Irmine et Helbrand, deux frères assassins descendant d’un ancien peuple guerrier, vivent dans les ombres de la plus grande cité du royaume de Palerkan. Alors qu’ils se croient à l’abri des persécutions dont ont souffert leurs ancêtres, leur passé sanglant les rattrape, sous les traits d’un borgne qui semble nourrir pour eux de sombres projets. Et tandis que la guerre menace d’embraser le monde, que les puissants tissent de noires alliances, ils vont devoir choisir un camp. Leur martyre ne fait que commencer…

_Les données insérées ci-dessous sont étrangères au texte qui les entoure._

lemma borel_measurable_W2_continuous:
  "\<mu> \<in> W2 \<Longrightarrow> continuous_on UNIV f \<Longrightarrow> f \<in> borel_measurable \<mu>"
  by (simp add: measurable_W2 borel_measurable_continuous_onI)

lemma integrable_W2_norm_diff_sq:
  fixes \<mu> :: "'a::real_inner measure"
  assumes "\<mu> \<in> W2"
  shows "integrable \<mu> (\<lambda>x. (norm (x - a))\<^sup>2)"
proof (rule Bochner_Integration.integrable_bound)
  interpret prob_space \<mu> by (rule prob_space_W2[OF assms])
  show "integrable \<mu> (\<lambda>x. 2 * (norm x)\<^sup>2 + 2 * (norm a)\<^sup>2)"
    using integrable_W2_norm_sq[OF assms] by simp
  show "(\<lambda>x. (norm (x - a))\<^sup>2) \<in> borel_measurable \<mu>"
    using assms by (intro borel_measurable_W2_continuous continuous_intros)
  have "(norm (x - a))\<^sup>2 \<le> 2 * (norm x)\<^sup>2 + 2 * (norm a)\<^sup>2" for x
  proof -
    have "(norm (x - a))\<^sup>2 \<le> (norm x + norm a)\<^sup>2"
      using norm_triangle_ineq4[of x a] by (simp add: power_mono)
    also have "\<dots> \<le> 2 * (norm x)\<^sup>2 + 2 * (norm a)\<^sup>2"
      using zero_le_power2[of "norm x - norm a"] unfolding power2_diff power2_sum by linarith
    finally show ?thesis .
  qed
  then show "AE x in \<mu>. norm ((norm (x - a))\<^sup>2) \<le> norm (2 * (norm x)\<^sup>2 + 2 * (norm a)\<^sup>2)"
    by simp
qed

lemma integrable_W2_norm_diff:
  fixes \<mu> :: "'a::real_inner measure"
  assumes "\<mu> \<in> W2"
  shows "integrable \<mu> (\<lambda>x. norm (x - a))"
proof (rule Bochner_Integration.integrable_bound)
  interpret prob_space \<mu> by (rule prob_space_W2[OF assms])
  show "integrable \<mu> (\<lambda>x. 1 + (norm (x - a))\<^sup>2)"
    using integrable_W2_norm_diff_sq[OF assms] by simp
  show "(\<lambda>x. norm (x - a)) \<in> borel_measurable \<mu>"
    using assms by (intro borel_measurable_W2_continuous continuous_intros)
  have "t \<le> 1 + t\<^sup>2" for t :: real
  proof -
    have "0 \<le> (t - 1)\<^sup>2" by simp
    then have "2 * t \<le> 1 + t\<^sup>2" by (simp add: power2_diff)
    then show ?thesis using zero_le_power2[of t] by linarith
  qed
  then show "AE x in \<mu>. norm (norm (x - a)) \<le> norm (1 + (norm (x - a))\<^sup>2)"
    by simp
qed

lemma integrable_W2_inner:
  fixes \<mu> :: "'a::real_inner measure"
  assumes "\<mu> \<in> W2"
  shows "integrable \<mu> (\<lambda>x. (x - a) \<bullet> z)"
proof (rule Bochner_Integration.integrable_bound)
  show "integrable \<mu> (\<lambda>x. norm (x - a) * norm z)"
    using integrable_W2_norm_diff[OF assms] by simp
  show "(\<lambda>x. (x - a) \<bullet> z) \<in> borel_measurable \<mu>"
    using assms by (intro borel_measurable_W2_continuous continuous_intros)
  show "AE x in \<mu>. norm ((x - a) \<bullet> z) \<le> norm (norm (x - a) * norm z)"
    by (simp add: Cauchy_Schwarz_ineq2)
qed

J’ai beaucoup entendu parler de cette trilogie de fantasy dont les deux premiers tomes sont parus dans les années 2010 et pour laquelle les fans ont dû attendre presque 10 ans pour connaître le dénouement. En 2025, le tant attendu tome 3 est sorti, l’occasion pour moi d’enfin me lancer dans cette série.
Et j’ai compris dès la lecture du premier tome la réputation de Martyrs qui possède tous les très bons ingrédients de la fantasy politique et épique, tout en y ajoutant des petites touches originales que je ne m’attendais à trouver et surtout un rebondissement de fin de tome 1 pour le moins inattendu qui vient redistribuer toutes les cartes et enrichir et complexifier d’une très belle manière cet univers qui pouvait sembler classique jusque-là.
Martyrs c’est un récit qui a été publié au début des années 2010, mais qui reste pourtant très moderne dans le type de fantasy proposé, tout en conservant les codes du genre. Il n’y a aucun mal à lire les deux premiers tomes aujourd’hui et cela fait plaisir de voir une série de fantasy épique laisser une si belle place aux personnages féminins. On retrouve ces dernières dans de très beaux rôles, aussi importants que les rôles masculins, que ce soit des figures politiques ou militaires. Dans Martyrs, les femmes peuvent gouverner, prendre la tête d’armée, se battre ou simplement faire preuve de ruse pour déjouer les complots et cela est d’autant plus mis en avant dans le dernier tome.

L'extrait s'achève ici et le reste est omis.